Comparing the Learning Curves of Minimally Invasive Biliary-enteric Anastomosis Using Laparoscopy or Robot Assistance

OBJECTIVE: To test whether assistance with the da Vinci surgical system improves the learning curve for a complex minimally invasive (MIS) operation over laparoscopy alone using an ex-vivo model of biliary enteric anastomosis. METHODS: An ex-vivo model for choledocho-jejunostomy (CDJ) was created using specimens of porcine liver that included an intact extrahepatic biliary system and a contiguous loop of proximal intestine. Minimally invasive CDJs were performed by three surgeons with graduated experience in minimally invasive surgery: Surgeon A (MIS and robotic focus); Surgeon B (experienced MIS); Surgeon C (basic MIS). All three surgeons had extensive open surgical experience in CDJ. Each surgeon performed 10 da Vinci robot-assisted and 10 laparoscopy alone CDJs. The primary objective was the learning curve as measured by comparing mean time to completion of the first three versus the last three anastomoses using each technique. The secondary outcome was a comparison of time to complete CDJ between techniques. RESULTS: Surgeon A did not demonstrate a significant learning curve with either the laparoscopic ( 22.4 vs. 22.4 minutes, p=NS) or robotic (24.7 vs 19.8 minutes, p=NS) approach. Surgeon B demonstrated improvement with laparoscopy but it was not significant (46.6 vs. 39.5 minutes, p=NS). However, with robotic assistance, a significant learning curve was demonstrated (36.8, vs. 24.7 minutes, p=0.02) with a plateau in performance – similar to Surgeon A’s – reached after three cases. Surgeon C demonstrated a significant learning curve with laparoscopy (58.3 vs. 33.2 minutes, p=0.004).
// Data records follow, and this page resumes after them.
(* Let $d\ge 0$ be an integer, let $b_0=0<b_1<\dots<b_d$ be real numbers, and let $p_0(x),p_1(x),\dots,p_d(x)\in\mathbf{R}[x]$ be polynomials with real coefficients, not all of them zero. Then the function $$F(x)=\sum_{i=0}^d p_i(x)\log(x+b_i),$$ defined for $x>0$, has only finitely many positive real zeros. In particular, the sequence $(\log n)_{n\ge 1}$ is not holonomic.
   Context: A sequence of complex numbers $(a_n)_{n\ge 1}$ is called holonomic (P-recursive, D-finite) if there exist an integer $d\ge 0$ and polynomials $p_0(x),\dots,p_d(x)\in\mathbf{C}[x]$, not all zero, such that $p_d(n)a_{n+d}+\cdots+p_1(n)a_{n+1}+p_0(n)a_n=0$ for every integer $n\ge 1$. Here $\log$ denotes the natural logarithm. *)

theory Defs
  imports Complex_Main "HOL-Computational_Algebra.Polynomial"
begin

text \<open>A sequence (a_n)_{n \<ge> 1} of complex numbers is holonomic if there are d \<ge> 0 and
  complex polynomials p_0..p_d, not all zero, with
  p_d(n) a_{n+d} + ... + p_0(n) a_n = 0 for every n \<ge> 1.
  The value a 0 is irrelevant (the sequence is indexed from 1).\<close>
definition holonomic :: "(nat \<Rightarrow> complex) \<Rightarrow> bool" where
  "holonomic a \<longleftrightarrow>
     (\<exists>(d::nat) (p::nat \<Rightarrow> complex poly).
        (\<exists>i\<le>d. p i \<noteq> 0) \<and>
        (\<forall>n\<ge>1. (\<Sum>i\<le>d. poly (p i) (of_nat n) * a (n + i)) = 0))"

end

theory Submission
  imports Defs "HOL-Complex_Analysis.Complex_Analysis" "HOL-Real_Asymp.Real_Asymp"
begin

text \<open>
  The function F extends holomorphically to the plane slit along the negative real axis, so by
  the identity theorem its positive zeros cannot accumulate at a positive point unless F vanishes
  on (0, \<infinity>). Near 0, F(t) = p_0(t) log t + G(t) with G holomorphic on a disc, and
  \<alpha>(t) log t + \<beta>(t) with \<alpha>, \<beta> holomorphic can vanish arbitrarily close to 0 only if
  \<alpha> = \<beta> = 0: comparing the orders of vanishing of \<alpha> and \<beta>, this would make log t either
  bounded or of order 1/t. Near \<infinity>, the substitution x = 1/t followed by multiplication with t^D
  leads to the same form, now with polynomial \<alpha>. So an infinite zero set forces F = 0 on
  (0, \<infinity>). Then p_0 = 0 and G = 0 near 0, hence on (-b_1, \<infinity>) by analytic continuation;
  shifting by b_1 and inducting on d gives p_i = 0 for all i. Finally, a recurrence for log n
  would, after taking real and imaginary parts, give such an F with b_i = i vanishing at every
  positive integer.
\<close>

lemma poly_map_poly_of_real [simp]:
  "poly (map_poly of_real p) (of_real x :: 'a::{comm_ring_1,real_algebra_1}) = of_real (poly p x)"
  by (induction p) (auto simp: map_poly_pCons)

lemma Re_poly_of_real: "Re (poly p (complex_of_real x)) = poly (map_poly Re p) x"
  by (induction p) (auto simp: map_poly_pCons)

lemma Im_poly_of_real: "Im (poly p (complex_of_real x)) = poly (map_poly Im p) x"
  by (induction p) (auto simp: map_poly_pCons)

lemma poly_eq_0_iff_Re_Im: "p = 0 \<longleftrightarrow> map_poly Re p = 0 \<and> map_poly Im p = 0"
  by (auto simp: poly_eq_iff coeff_map_poly complex_eq_iff)

definition reflect_poly_to :: "nat \<Rightarrow> 'a::comm_semiring_1 poly \<Rightarrow> 'a poly" where
  "reflect_poly_to D p = monom 1 (D - degree p) * reflect_poly p"

lemma poly_reflect_poly_to:
  fixes x :: "'a::field"
  assumes "degree p \<le> D" "x \<noteq> 0"
  shows "poly (reflect_poly_to D p) x = x ^ D * poly p (inverse x)"
  using assms
  by (simp add: reflect_poly_to_def poly_monom poly_reflect_poly_nz flip: mult.assoc power_add)

lemma increasing_upto_le:
  assumes "\<And>i. i < d \<Longrightarrow> b i < (b (Suc i) :: 'a::order)" "i \<le> j" "j \<le> d"
  shows "b i \<le> b j"
proof (rule lift_Suc_mono_le_ivl[of "{..<d}"])
  show "b n \<le> b (Suc n)" if "n \<in> {..<d}" for n
    using assms(1)[of n] that by simp
qed (use assms in auto)
text \<open>Points of R^V are represented as functions 'a => real (supported on V).
  Conv{e_i : i in I} written out explicitly.\<close>
definition simplex :: "'a set \<Rightarrow> ('a \<Rightarrow> real) set" where
  "simplex I = {x. (\<forall>v. 0 \<le> x v) \<and> (\<forall>v. v \<notin> I \<longrightarrow> x v = 0) \<and> sum x I = 1}"

definition nestohedron :: "'a set set \<Rightarrow> ('a \<Rightarrow> real) set" where
  "nestohedron B = {(\<lambda>v. \<Sum>J\<in>B. y J v) | y. \<forall>J\<in>B. y J \<in> simplex J}"

definition generic :: "'a set \<Rightarrow> ('a \<Rightarrow> real) set \<Rightarrow> ('a \<Rightarrow> nat) \<Rightarrow> bool" where
  "generic V Q f \<longleftrightarrow>
     (\<exists>!p. p \<in> Q \<and> (\<forall>q\<in>Q. (\<Sum>v\<in>V. real (f v) * q v) \<le> (\<Sum>v\<in>V. real (f v) * p v)))"

text \<open>A formal power series with integer (here: natural) coefficients is represented
  by its coefficient function on monomials; a monomial prod_i x_i^(m i) is an
  exponent vector m :: nat => nat with finite support (variables x_1, x_2, ...;
  the exponent of x_0 is irrelevant/zero).\<close>

definition fin_supp :: "(nat \<Rightarrow> nat) \<Rightarrow> bool" where
  "fin_supp m \<longleftrightarrow> finite {i. m i \<noteq> 0}"

definition Fpoly :: "'a set \<Rightarrow> ('a \<Rightarrow> real) set \<Rightarrow> (nat \<Rightarrow> nat) \<Rightarrow> nat" where
  "Fpoly V Q m = card {f \<in> V \<rightarrow>\<^sub>E {1..}. generic V Q f \<and> (\<forall>i. card {v\<in>V. f v = i} = m i)}"

definition FB :: "'a set \<Rightarrow> 'a set set \<Rightarrow> (nat \<Rightarrow> nat) \<Rightarrow> nat" where
  "FB V B = Fpoly V (nestohedron B)"

definition flat :: "(nat \<Rightarrow> nat) \<Rightarrow> nat list" where
  "flat m = map m (sorted_list_of_set {i. m i \<noteq> 0})"

definition quasisymmetric :: "((nat \<Rightarrow> nat) \<Rightarrow> nat) \<Rightarrow> bool" where
  "quasisymmetric F \<longleftrightarrow>
     (\<forall>m m'. fin_supp m \<and> fin_supp m' \<and> m 0 = 0 \<and> m' 0 = 0 \<and> flat m = flat m' \<longrightarrow> F m = F m')"

definition homogeneous :: "nat \<Rightarrow> ((nat \<Rightarrow> nat) \<Rightarrow> nat) \<Rightarrow> bool" where
  "homogeneous n F \<longleftrightarrow>
     (\<forall>m. fin_supp m \<and> F m \<noteq> 0 \<longrightarrow> m 0 = 0 \<and> (\<Sum>i\<in>{i. m i \<noteq> 0}. m i) = n)"

text \<open>Coefficient of M_alpha: the coefficient of x_1^(a_1) ... x_k^(a_k).\<close>
definition Mcoef :: "((nat \<Rightarrow> nat) \<Rightarrow> nat) \<Rightarrow> nat list \<Rightarrow> nat" where
  "Mcoef F \<alpha> = F (\<lambda>i. if 1 \<le> i \<and> i \<le> length \<alpha> then \<alpha> ! (i - 1) else 0)"

definition composition :: "nat list \<Rightarrow> bool" where
  "composition \<alpha> \<longleftrightarrow> 0 \<notin> set \<alpha>"

definition ps_mult :: "((nat \<Rightarrow> nat) \<Rightarrow> nat) \<Rightarrow> ((nat \<Rightarrow> nat) \<Rightarrow> nat) \<Rightarrow> (nat \<Rightarrow> nat) \<Rightarrow> nat" where
  "ps_mult F G m = (\<Sum>m1\<in>{m1. \<forall>i. m1 i \<le> m i}. F m1 * G (\<lambda>i. m i - m1 i))"

text \<open>zeta_Q applied to a homogeneous quasisymmetric function of degree n:
  sum of the coefficients of M_() and of the M_(a) (only a <= n can occur).\<close>
definition zetaQ :: "nat \<Rightarrow> ((nat \<Rightarrow> nat) \<Rightarrow> nat) \<Rightarrow> nat" where
  "zetaQ n F = Mcoef F [] + (\<Sum>a\<in>{1..n}. Mcoef F [a])"

end

theory Submission
  imports Defs
begin

text \<open>
  A weight function f is P_B-generic iff f has a unique maximum on every member of B: a linear
  functional attains its maximum over the Minkowski sum P_B exactly at the sums of its maximizers
  on the simplices Conv{e_i : i \<in> I}, and the maximizer on a simplex is unique iff the maximum of
  f on I is attained at a single vertex. So the coefficient of a monomial in F(P_B) counts the
  functions f : V \<rightarrow> {1, 2, ...} with prescribed level sizes that have unique maxima on all
  I \<in> B. An order-preserving relabelling of values gives quasisymmetry, and only constant f
  contribute to \<zeta>_Q, which have unique maxima exactly when B is discrete. For the product, f on
  V1 \<union> V2 has unique maxima on B1 \<union> B2 iff both restrictions do. For the coproduct, cut the
  values of f at k = length \<beta>: with I = {f \<le> k}, f has unique maxima on B iff f restricted to I
  has them on B|_I and f - k restricted to V - I has them on B/I, because the maximum of f on a
  member of B that meets V - I lies in V - I.
\<close>

section \<open>Linear functionals on nestohedra\<close>

definition std_basis :: "'a \<Rightarrow> 'a \<Rightarrow> real" where
  "std_basis a = (\<lambda>v. if v = a then 1 else 0)"
lemma integral_square_sum_le_geometric:
  fixes X :: "nat \<Rightarrow> 'a \<Rightarrow> real"
  assumes "finite I"
    and integrable: "\<And>k l. k \<in> I \<Longrightarrow> l \<in> I \<Longrightarrow> integrable M (\<lambda>x. X k x * X l x)"
    and decay: "\<And>k l. k \<in> I \<Longrightarrow> l \<in> I \<Longrightarrow> k \<le> l \<Longrightarrow> (\<integral>x. X k x * X l x \<partial>M) \<le> c * (1/2) ^ (l - k)"
  shows "(\<integral>x. (\<Sum>n\<in>I. X n x)\<^sup>2 \<partial>M) \<le> 4 * c * real (card I)"
proof -
  have row: "(\<Sum>l\<in>I. \<integral>x. X k x * X l x \<partial>M) \<le> 4 * c" if "k \<in> I" for k
  proof -
    have "0 \<le> (\<integral>x. X k x * X k x \<partial>M)"
      by (simp add: integral_nonneg_AE)
    moreover have "(\<integral>x. X k x * X k x \<partial>M) \<le> c"
      using decay[OF that that] by simp
    ultimately have "0 \<le> c"
      by linarith
    have "{l\<in>I. k \<le> l} \<union> {l\<in>I. l < k} = I" and disjoint: "{l\<in>I. k \<le> l} \<inter> {l\<in>I. l < k} = {}"
      by auto
    then have "(\<Sum>l\<in>I. \<integral>x. X k x * X l x \<partial>M)
        = (\<Sum>l\<in>{l\<in>I. k \<le> l}. \<integral>x. X k x * X l x \<partial>M) + (\<Sum>l\<in>{l\<in>I. l < k}. \<integral>x. X k x * X l x \<partial>M)"
      using sum.union_disjoint[OF _ _ disjoint, of "\<lambda>l. \<integral>x. X k x * X l x \<partial>M"] assms(1)
      by simp
    also have "\<dots> = (\<Sum>l\<in>{l\<in>I. k \<le> l}. \<integral>x. X k x * X l x \<partial>M) + (\<Sum>l\<in>{l\<in>I. l < k}. \<integral>x. X l x * X k x \<partial>M)"
      by (simp add: mult.commute)
    also have "\<dots> \<le> (\<Sum>l\<in>{l\<in>I. k \<le> l}. c * (1/2) ^ (l - k)) + (\<Sum>l\<in>{l\<in>I. l < k}. c * (1/2) ^ (k - l))"
      using that by (intro add_mono sum_mono decay) auto
    also have "\<dots> \<le> c * 2 + c * 2"
      unfolding sum_distrib_left[symmetric] using \<open>0 \<le> c\<close> assms(1)
      by (intro add_mono mult_left_mono sum_power_half_le_two) (auto simp: inj_on_def)
    finally show ?thesis
      by simp
  qed
  have "(\<integral>x. (\<Sum>n\<in>I. X n x)\<^sup>2 \<partial>M) = (\<Sum>k\<in>I. \<Sum>l\<in>I. \<integral>x. X k x * X l x \<partial>M)"
    using assms(1) integrable by (rule integral_square_sum)
  also have "\<dots> \<le> (\<Sum>k\<in>I. 4 * c)"
    using row by (rule sum_mono)
  finally show ?thesis
    by (simp add: mult.commute)
qed

lemma integral_square_sum_abs_le:
  fixes X :: "nat \<Rightarrow> 'a \<Rightarrow> real"
  assumes "finite I" and integrable: "\<And>k l. k \<in> I \<Longrightarrow> l \<in> I \<Longrightarrow> integrable M (\<lambda>x. X k x * X l x)"
  shows "(\<integral>x. (\<Sum>n\<in>I. \<bar>X n x\<bar>)\<^sup>2 \<partial>M) \<le> real (card I) * (\<Sum>n\<in>I. \<integral>x. (X n x)\<^sup>2 \<partial>M)"
proof -
  have squares: "integrable M (\<lambda>x. (X n x)\<^sup>2)" if "n \<in> I" for n
    using integrable[OF that that] by (simp add: power2_eq_square)
  have "(\<integral>x. (\<Sum>n\<in>I. \<bar>X n x\<bar>)\<^sup>2 \<partial>M) \<le> (\<integral>x. real (card I) * (\<Sum>n\<in>I. (X n x)\<^sup>2) \<partial>M)"
  proof (rule integral_mono)
    show "integrable M (\<lambda>x. (\<Sum>n\<in>I. \<bar>X n x\<bar>)\<^sup>2)"
      using assms by (rule integrable_square_sum_abs)
    show "integrable M (\<lambda>x. real (card I) * (\<Sum>n\<in>I. (X n x)\<^sup>2))"
      using squares by (intro integrable_mult_right Bochner_Integration.integrable_sum) auto
    show "(\<Sum>n\<in>I. \<bar>X n x\<bar>)\<^sup>2 \<le> real (card I) * (\<Sum>n\<in>I. (X n x)\<^sup>2)" for x
      using sum_squared_le_sum_of_squares[of "\<lambda>n. \<bar>X n x\<bar>" I] by (simp add: mult.commute)
  qed
  also have "\<dots> = real (card I) * (\<Sum>n\<in>I. \<integral>x. (X n x)\<^sup>2 \<partial>M)"
    using squares by simp
  finally show ?thesis .
qed

lemma AE_tendsto_zero_of_summable_integral:
  fixes f :: "nat \<Rightarrow> 'a \<Rightarrow> real"
  assumes integrable: "\<And>j. integrable M (f j)" and nonneg: "\<And>j x. 0 \<le> f j x"
    and summable: "summable (\<lambda>j. \<integral>x. f j x \<partial>M)"
  shows "AE x in M. (\<lambda>j. f j x) \<longlonglongrightarrow> 0"
proof -
  have [measurable]: "f j \<in> borel_measurable M" for j
    using integrable by (rule borel_measurable_integrable)
  have "(\<integral>\<^sup>+ x. (\<Sum>j. ennreal (f j x)) \<partial>M) = (\<Sum>j. \<integral>\<^sup>+ x. ennreal (f j x) \<partial>M)"
    by (rule nn_integral_suminf) measurable
  also have "\<dots> = (\<Sum>j. ennreal (\<integral>x. f j x \<partial>M))"
    using integrable nonneg by (intro suminf_cong nn_integral_eq_integral AE_I2) auto
  also have "\<dots> \<noteq> \<infinity>"
    unfolding infinity_ennreal_def using summable
    by (rule ennreal_suminf_neq_top) (simp add: integral_nonneg_AE nonneg)
  finally have "AE x in M. (\<Sum>j. ennreal (f j x)) \<noteq> \<infinity>"
    by (intro nn_integral_PInf_AE) measurable
  then show ?thesis
  proof (rule AE_mp, intro AE_I2 impI)
    fix x
    assume "(\<Sum>j. ennreal (f j x)) \<noteq> \<infinity>"
    then have "summable (\<lambda>j. f j x)"
      using nonneg by (intro summable_suminf_not_top) auto
    then show "(\<lambda>j. f j x) \<longlonglongrightarrow> 0"
      by (rule summable_LIMSEQ_zero)
  qed
qed

lemma abs_average_le_initial_average:
  fixes x :: "nat \<Rightarrow> real"
  assumes "1 \<le> m" "m \<le> N" "N \<le> m'"
  shows "\<bar>\<Sum>n=1..N. x n\<bar> / N \<le> (\<bar>\<Sum>n=1..m. x n\<bar> + (\<Sum>n\<in>{m<..m'}. \<bar>x n\<bar>)) / m"
proof -
  have "{1..N} = {1..m} \<union> {m<..N}"
    using assms by auto
  then have "\<bar>\<Sum>n=1..N. x n\<bar> = \<bar>(\<Sum>n=1..m. x n) + (\<Sum>n\<in>{m<..N}. x n)\<bar>"
    by (simp add: sum.union_disjoint ivl_disj_int)
  also have "\<dots> \<le> \<bar>\<Sum>n=1..m. x n\<bar> + (\<Sum>n\<in>{m<..m'}. \<bar>x n\<bar>)"
    using assms
    by (intro order_trans[OF abs_triangle_ineq] add_left_mono order_trans[OF sum_abs] sum_mono2) auto
  finally show ?thesis
    using assms by (intro frac_le) auto
qed

lemma averages_tendsto_zero_of_squares:
  fixes x :: "nat \<Rightarrow> real"
  assumes squares: "(\<lambda>j. (\<Sum>n=1..(Suc j)\<^sup>2. x n) / (Suc j)\<^sup>2) \<longlonglongrightarrow> 0"
    and gaps: "(\<lambda>j. (\<Sum>n\<in>{(Suc j)\<^sup>2<..(Suc (Suc j))\<^sup>2}. \<bar>x n\<bar>) / (Suc j)\<^sup>2) \<longlonglongrightarrow> 0"
  shows "(\<lambda>N. (\<Sum>n=1..N. x n) / N) \<longlonglongrightarrow> 0"
proof -
  define u where "u j = (\<bar>\<Sum>n=1..(Suc j)\<^sup>2. x n\<bar> + (\<Sum>n\<in>{(Suc j)\<^sup>2<..(Suc (Suc j))\<^sup>2}. \<bar>x n\<bar>)) / (Suc j)\<^sup>2"
    for j
  have "u \<longlonglongrightarrow> 0"
    unfolding u_def add_divide_distrib
    using tendsto_add[OF tendsto_rabs_zero[OF squares] gaps] by (simp add: abs_divide)
  moreover have "filterlim (\<lambda>N. floor_sqrt N - 1) at_top sequentially"
    unfolding filterlim_at_top
  proof (intro allI eventually_sequentiallyI)
    fix M N :: nat
    assume "(Suc M)\<^sup>2 \<le> N"
    then have "Suc M \<le> floor_sqrt N"
      by (rule le_floor_sqrtI)
    then show "M \<le> floor_sqrt N - 1"
      by simp
  qed
  ultimately have u_sqrt: "(\<lambda>N. u (floor_sqrt N - 1)) \<longlonglongrightarrow> 0"
    by (rule filterlim_compose)
  show ?thesis
  proof (rule Lim_null_comparison[OF _ u_sqrt], rule eventually_sequentiallyI)
    fix N :: nat
    assume "1 \<le> N"
    then have Suc_pred: "Suc (floor_sqrt N - 1) = floor_sqrt N"
      by (simp add: floor_sqrt_greater_zero_iff)
    have "1 \<le> (floor_sqrt N)\<^sup>2"
      using \<open>1 \<le> N\<close> by (simp add: Suc_le_eq floor_sqrt_greater_zero_iff)
    then have "\<bar>\<Sum>n=1..N. x n\<bar> / N
        \<le> (\<bar>\<Sum>n=1..(floor_sqrt N)\<^sup>2. x n\<bar> + (\<Sum>n\<in>{(floor_sqrt N)\<^sup>2<..(Suc (floor_sqrt N))\<^sup>2}. \<bar>x n\<bar>))
          / (floor_sqrt N)\<^sup>2"
      using floor_sqrt_power2_le[of N] Suc_floor_sqrt_power2_gt[of N]
      by (intro abs_average_le_initial_average) auto
    then show "norm ((\<Sum>n=1..N. x n) / N) \<le> u (floor_sqrt N - 1)"
      unfolding u_def Suc_pred by (simp add: abs_divide)
  qed
qed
No improvement was noted with robot assistance (32.2 vs. 34.7 minutes, p=NS). Surgeon A’s mean operative times were equivalent with laparoscopy and robotic techniques (24.5 vs. 22.3 minutes, p=NS). Both Surgeon B and Surgeon C experienced faster mean operative times with robot assistance over laparoscopy alone (39.4 vs. 28.6 minutes, p=0.01; and 43.8 vs. 33.0 minutes, p=0.008 respectively). CONCLUSIONS: In this ex-vivo model, the advantage of robotic assistance was less apparent for expert MIS surgeons. Conversely, robotics may allow less experienced surgeons to perform more complex operations without first developing advanced laparoscopic skills; however, there may be benefit to first obtaining fundamental skills.